Günlerce CHP’nin “tüzük kurultayı” konuşuldu.
Çünkü bu kurultaya “dönüm noktası” olarak bakanlar vardı.
Kılıçdaroğlu’na hâlâ destek verenler bu kurultayda “seçimli olağanüstü kurultay” kararı çıkmasını bekliyordu.
İmamoğlu’nu destekleyenler “Özgür Özel’in etkisinin azaltılacağı” beklentisi içindeydi.

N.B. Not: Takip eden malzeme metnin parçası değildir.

(* Let $q\in\mathbb C\setminus\{0\}$ with $q^2\ne1$, $n\ge1$, $\eta_1,\dots,\eta_n\in\mathbb C\setminus\{0\}$ and $\alpha_1,\dots,\alpha_n\in\mathbb Z_{\ge0}$, such that all denominators below are nonzero. Then $$\sum_{a=1}^{n}[\alpha_a]\prod_{i\ne a}\frac{q^{\alpha_a}\eta_i/\eta_a-\eta_a/(q^{\alpha_a}\eta_i)}{q^{\alpha_a-\alpha_i}\eta_i/\eta_a-\eta_a/(q^{\alpha_a-\alpha_i}\eta_i)}=\Big[\sum_{a=1}^n\alpha_a\Big],$$ where $[r]=(q^r-q^{-r})/(q-q^{-1})$. *)

theory Defs
  imports Complex_Main
begin

definition qnum :: "complex \<Rightarrow> int \<Rightarrow> complex" where
  "qnum q r = (q powi r - q powi (- r)) / (q - inverse q)"

end

theory Submission
  imports Defs
begin

(*
  Put Q_i = q^(alpha_i), x_i = eta_i^2 and z_i = (eta_i / Q_i)^2.  A direct
  computation turns the i-th factor of the a-th product into
      Q_i^-1 * (z_a - x_i) / (z_a - z_i),
  so the a-th product equals Q_a / Q * L_a, where Q = q^(sum alpha) = prod Q_i and
  L_a = prod_{i<>a} (z_a - x_i)/(z_a - z_i) is a Lagrange-type coefficient.
  The partial fraction expansion of the rational function prod_i (w - x_i)/(w - z_i),
  evaluated at w = 0, yields  sum_a (x_a/z_a - 1) L_a = prod_i x_i/z_i - 1, i.e.
      sum_a (Q_a^2 - 1) L_a = Q^2 - 1.
  Since [alpha_a] Q_a = (Q_a^2 - 1)/(q - q^-1), multiplying by 1/((q - q^-1) Q) gives the
  claimed value [sum alpha].
*)

text \<open>The coefficient of the simple pole at z a in the partial fraction expansion of
  the product of the ratios (w - x i) / (w - z i), up to the factor z a - x a.\<close>
definition lagrange_coeff :: "('i \<Rightarrow> complex) \<Rightarrow> ('i \<Rightarrow> complex) \<Rightarrow> 'i set \<Rightarrow> 'i \<Rightarrow> complex" where
  "lagrange_coeff x z S a = (\<Prod>i\<in>S - {a}. (z a - x i) / (z a - z i))"

lemma two_pole_identity:
  fixes w u v y :: complex
  assumes "w \<noteq> u" "w \<noteq> v" "u \<noteq> v"
  shows "(w - y) / ((w - u) * (w - v)) = (u - y) / ((w - u) * (u - v)) + (v - y) / ((w - v) * (v - u))"
proof -
  have "v - u \<noteq> 0" "w - u \<noteq> 0" "w - v \<noteq> 0" "u - v \<noteq> 0" using assms by auto
  then show ?thesis by (simp add: divide_simps) (simp add: algebra_simps)
qed

lemma lagrange_coeff_insert:
  assumes "finite S" "b \<notin> S" "a \<in> S"
  shows "lagrange_coeff x z (insert b S) a = (z a - x b) / (z a - z b) * lagrange_coeff x z S a"
proof -
  have "insert b S - {a} = insert b (S - {a})" using assms by auto
  then show ?thesis unfolding lagrange_coeff_def using assms by (simp add: prod.insert_if)
qed

lemma prod_ratio_partial_fractions:
  fixes x z :: "'i \<Rightarrow> complex"
  assumes "finite S" and "inj_on z S" and "w \<notin> z ` S"
  shows "(\<Prod>i\<in>S. (w - x i) / (w - z i)) =
         1 + (\<Sum>a\<in>S. (z a - x a) / (w - z a) * lagrange_coeff x z S a)"
  using assms
proof (induction S arbitrary: w rule: finite_induct)
  case empty
  then show ?case by simp
next
  case (insert b S)
  define c where "c a = (z a - x a) * lagrange_coeff x z S a" for a
  have inj: "inj_on z S" and zb: "z b \<notin> z ` S" using insert by auto
  have wb: "w \<noteq> z b" and wS: "w \<notin> z ` S" using insert.prems by auto
  have IH_w: "(\<Prod>i\<in>S. (w - x i) / (w - z i)) = 1 + (\<Sum>a\<in>S. c a / (w - z a))"
    using insert.IH[OF inj wS] by (simp add: c_def)
  have coeff_b: "lagrange_coeff x z (insert b S) b = 1 + (\<Sum>a\<in>S. c a / (z b - z a))"
    using insert.IH[OF inj zb] insert.hyps by (simp add: c_def lagrange_coeff_def)
  have pole: "c a / (w - z a) * ((w - x b) / (w - z b)) =
      c a / (w - z a) * ((z a - x b) / (z a - z b)) + (z b - x b) / (w - z b) * (c a / (z b - z a))"
    if "a \<in> S" for a
  proof -
    have "z a \<noteq> z b" "w \<noteq> z a" using that zb wS by (auto simp: image_iff)
    have "c a / (w - z a) * ((w - x b) / (w - z b)) = c a * ((w - x b) / ((w - z a) * (w - z b)))"
      by simp
    also have "\<dots> = c a * ((z a - x b) / ((w - z a) * (z a - z b)) + (z b - x b) / ((w - z b) * (z b - z a)))"
      using two_pole_identity[OF \<open>w \<noteq> z a\<close> wb \<open>z a \<noteq> z b\<close>] by simp
    finally show ?thesis by (simp add: distrib_left mult_ac)
  qed
  have "(\<Prod>i\<in>insert b S. (w - x i) / (w - z i))
      = (1 + (\<Sum>a\<in>S. c a / (w - z a))) * ((w - x b) / (w - z b))"
    using insert.hyps IH_w by (simp add: mult.commute)
  also have "\<dots> = (w - x b) / (w - z b) + (\<Sum>a\<in>S. c a / (w - z a) * ((w - x b) / (w - z b)))"
    by (simp only: distrib_right sum_distrib_right mult_1_left)
  also have "\<dots> = (w - x b) / (w - z b) + (\<Sum>a\<in>S. c a / (w - z a) * ((z a - x b) / (z a - z b)))
      + (z b - x b) / (w - z b) * (\<Sum>a\<in>S. c a / (z b - z a))"
    by (simp only: sum.cong[OF refl pole] sum.distrib sum_distrib_left add.assoc)
  also have "(w - x b) / (w - z b) = 1 + (z b - x b) / (w - z b)"
    using wb by (simp add: field_simps)
  also have "1 + (z b - x b) / (w - z b) + (\<Sum>a\<in>S. c a / (w - z a) * ((z a - x b) / (z a - z b)))
      + (z b - x b) / (w - z b) * (\<Sum>a\<in>S. c a / (z b - z a))
    = 1 + (\<Sum>a\<in>insert b S. (z a - x a) / (w - z a) * lagrange_coeff x z (insert b S) a)"
    using insert.hyps by (simp add: coeff_b lagrange_coeff_insert c_def distrib_left add_divide_distrib mult_ac add_ac)
  finally show ?case .
qed

text \<open>Evaluation of the expansion at w = 0: the weighted sum of the coefficients.\<close>
lemma lagrange_weighted_sum:
  fixes x z :: "'i \<Rightarrow> complex"
  assumes "finite S" and "inj_on z S" and "0 \<notin> z ` S"
  shows "(\<Sum>a\<in>S. (x a / z a - 1) * lagrange_coeff x z S a) = (\<Prod>i\<in>S. x i / z i) - 1"
proof -
  have "(\<Sum>a\<in>S. (x a / z a - 1) * lagrange_coeff x z S a)
      = (\<Sum>a\<in>S. (z a - x a) / (0 - z a) * lagrange_coeff x z S a)"
  proof (rule sum.cong[OF refl])
    fix a assume "a \<in> S"
    then have "z a \<noteq> 0" using assms(3) by force
    then show "(x a / z a - 1) * lagrange_coeff x z S a = (z a - x a) / (0 - z a) * lagrange_coeff x z S a"
      by (simp add: field_simps)
  qed
  also have "\<dots> = (\<Prod>i\<in>S. (0 - x i) / (0 - z i)) - 1"
    using prod_ratio_partial_fractions[OF assms] by simp
  finally show ?thesis by simp
qed

lemma ratio_as_lagrange_factor:
  fixes q ea ei :: complex and ka ki :: nat
  assumes "q \<noteq> 0" "ea \<noteq> 0" "ei \<noteq> 0"
    and D: "q powi (int ka - int ki) * ei / ea - ea / (q powi (int ka - int ki) * ei) \<noteq> 0"
  shows "(q ^ ka * ei / ea - ea / (q ^ ka * ei)) /
           (q powi (int ka - int ki) * ei / ea - ea / (q powi (int ka - int ki) * ei))
         = inverse (q ^ ki) * (((ea / q ^ ka)^2 - ei^2) / ((ea / q ^ ka)^2 - (ei / q ^ ki)^2))"
    and "(ea / q ^ ka)^2 \<noteq> (ei / q ^ ki)^2"
proof -
  define Qa Qi where "Qa = q ^ ka" and "Qi = q ^ ki"
  have nz: "Qa \<noteq> 0" "Qi \<noteq> 0" using assms(1) by (simp_all add: Qa_def Qi_def)
  have pw: "q powi (int ka - int ki) = Qa / Qi"
    using assms(1) by (simp add: power_int_diff Qa_def Qi_def)
  have "(Qa / Qi) * ei / ea - ea / ((Qa / Qi) * ei) = (Qa^2 * ei^2 - Qi^2 * ea^2) / (Qa * Qi * ei * ea)"
    using nz assms(2,3) by (simp add: field_simps power2_eq_square)
  then have D': "Qa^2 * ei^2 - Qi^2 * ea^2 \<noteq> 0" using D by (auto simp: pw)
  show "(ea / q ^ ka)^2 \<noteq> (ei / q ^ ki)^2"
    using D' nz unfolding Qa_def[symmetric] Qi_def[symmetric] by (auto simp: field_simps)
  show "(q ^ ka * ei / ea - ea / (q ^ ka * ei)) /
           (q powi (int ka - int ki) * ei / ea - ea / (q powi (int ka - int ki) * ei))
         = inverse (q ^ ki) * (((ea / q ^ ka)^2 - ei^2) / ((ea / q ^ ka)^2 - (ei / q ^ ki)^2))"
    unfolding pw Qa_def[symmetric] Qi_def[symmetric]
    using nz assms(2,3) D' by (simp add: field_simps power2_eq_square)
qed

lemma product_as_lagrange_coeff:
  fixes q :: complex and \<eta> :: "'i \<Rightarrow> complex" and \<alpha> :: "'i \<Rightarrow> nat"
  assumes "finite S" "a \<in> S" "q \<noteq> 0" "\<And>i. i \<in> S \<Longrightarrow> \<eta> i \<noteq> 0"
    and "\<And>i. i \<in> S \<Longrightarrow> i \<noteq> a \<Longrightarrow>
      q powi (int (\<alpha> a) - int (\<alpha> i)) * \<eta> i / \<eta> a
        - \<eta> a / (q powi (int (\<alpha> a) - int (\<alpha> i)) * \<eta> i) \<noteq> 0"
  shows "(\<Prod>i\<in>S - {a}.
            (q ^ (\<alpha> a) * \<eta> i / \<eta> a - \<eta> a / (q ^ (\<alpha> a) * \<eta> i)) /
            (q powi (int (\<alpha> a) - int (\<alpha> i)) * \<eta> i / \<eta> a
               - \<eta> a / (q powi (int (\<alpha> a) - int (\<alpha> i)) * \<eta> i)))
       = q ^ \<alpha> a / q ^ (\<Sum>i\<in>S. \<alpha> i)
           * lagrange_coeff (\<lambda>i. \<eta> i ^ 2) (\<lambda>i. (\<eta> i / q ^ \<alpha> i) ^ 2) S a"
proof -
  have "(\<Prod>i\<in>S - {a}.
            (q ^ (\<alpha> a) * \<eta> i / \<eta> a - \<eta> a / (q ^ (\<alpha> a) * \<eta> i)) /
            (q powi (int (\<alpha> a) - int (\<alpha> i)) * \<eta> i / \<eta> a
               - \<eta> a / (q powi (int (\<alpha> a) - int (\<alpha> i)) * \<eta> i)))
       = (\<Prod>i\<in>S - {a}. inverse (q ^ \<alpha> i)
            * (((\<eta> a / q ^ \<alpha> a)^2 - \<eta> i ^ 2) / ((\<eta> a / q ^ \<alpha> a)^2 - (\<eta> i / q ^ \<alpha> i)^2)))"
    using ratio_as_lagrange_factor(1)[OF assms(3,4,4) assms(5)] assms(2) by (intro prod.cong) auto
  also have "\<dots> = (\<Prod>i\<in>S - {a}. inverse (q ^ \<alpha> i))
      * lagrange_coeff (\<lambda>i. \<eta> i ^ 2) (\<lambda>i. (\<eta> i / q ^ \<alpha> i) ^ 2) S a"
    unfolding lagrange_coeff_def by (rule prod.distrib)
  also have "(\<Prod>i\<in>S - {a}. inverse (q ^ \<alpha> i)) = q ^ \<alpha> a / q ^ (\<Sum>i\<in>S. \<alpha> i)"
  proof -
    have "q ^ (\<Sum>i\<in>S. \<alpha> i) = q ^ \<alpha> a * (\<Prod>i\<in>S - {a}. q ^ \<alpha> i)"
      using assms(1,2) by (simp add: power_sum prod.remove)
    moreover have "(\<Prod>i\<in>S - {a}. inverse (q ^ \<alpha> i)) = inverse (\<Prod>i\<in>S - {a}. q ^ \<alpha> i)"
      using prod_inversef[of "\<lambda>i. q ^ \<alpha> i" "S - {a}"] by (simp add: comp_def)
    ultimately show ?thesis using assms(3) by (simp add: field_simps)
  qed
  finally show ?thesis .
qed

Ancak bu beklentiler boşa çıktı.
Gözlediğim kadarıyla ve taraflardan edindiğim izlenime göre bu kurultaydan şu sonuçlar çıktı…
ÖZEL GÜÇLENDİ: Özgür Özel bu kurultaya hakim olarak genel başkanlığını perçinlediği gibi “İmamoğlu desteği ile seçildi” algısını da önemli ölçüde yıktı.
KILIÇDAROĞLU KAYBETTİ: Eski genel başkan kurultayda çıkacak bir anlaşmazlık sonucu yeniden genel başkan olabileceğini düşünüyordu. Bunun için ittifaklara da hazır olduğunu belli etti. Ama sonuç arzuladığı gibi olmadı.
İMAMOĞLU ZORDA: Her ne kadar kurultayın yıldızı gibi görünse de Ekrem İmamoğlu artık “Özel’i yöneten adam” durumunda değil artık. Tüzük gereği milletvekilli adaylarını belirleme gücünü eline geçiren Özgür Özel’i bundan sonra yönlendirmeye kalkması zorlaştı.
Bu durumda “Özgür Özel artık partide ipleri tamamen olmasa da çok büyük oranda eline geçirdi” demek yanlış olmayacaktır.
Önümüzdeki günlerde Kılıçdaroğlu’dan bir atak daha gelebilir.
Mansur Yavaş’ın kamuoyundaki desteğinin artması göz önüne alınınca İmamoğlu’nun cumhurbaşkanı adaylığını garantilemek için Kılıçdaroğlu ile daha yakın temasta olabileceğini de görebiliriz.
Özgür Özel’e hakkını teslim edelim, oyunu çok iyi oynadı.
Cumhurbaşkanlığı adaylığında iddialı iki belediye başkanını önce birbirine düşürüp sonra şirinlik yaparak aralarını bulmaya çalıştı.
Ama bunu yaparken “Unutmayın asıl patron benim” dedi.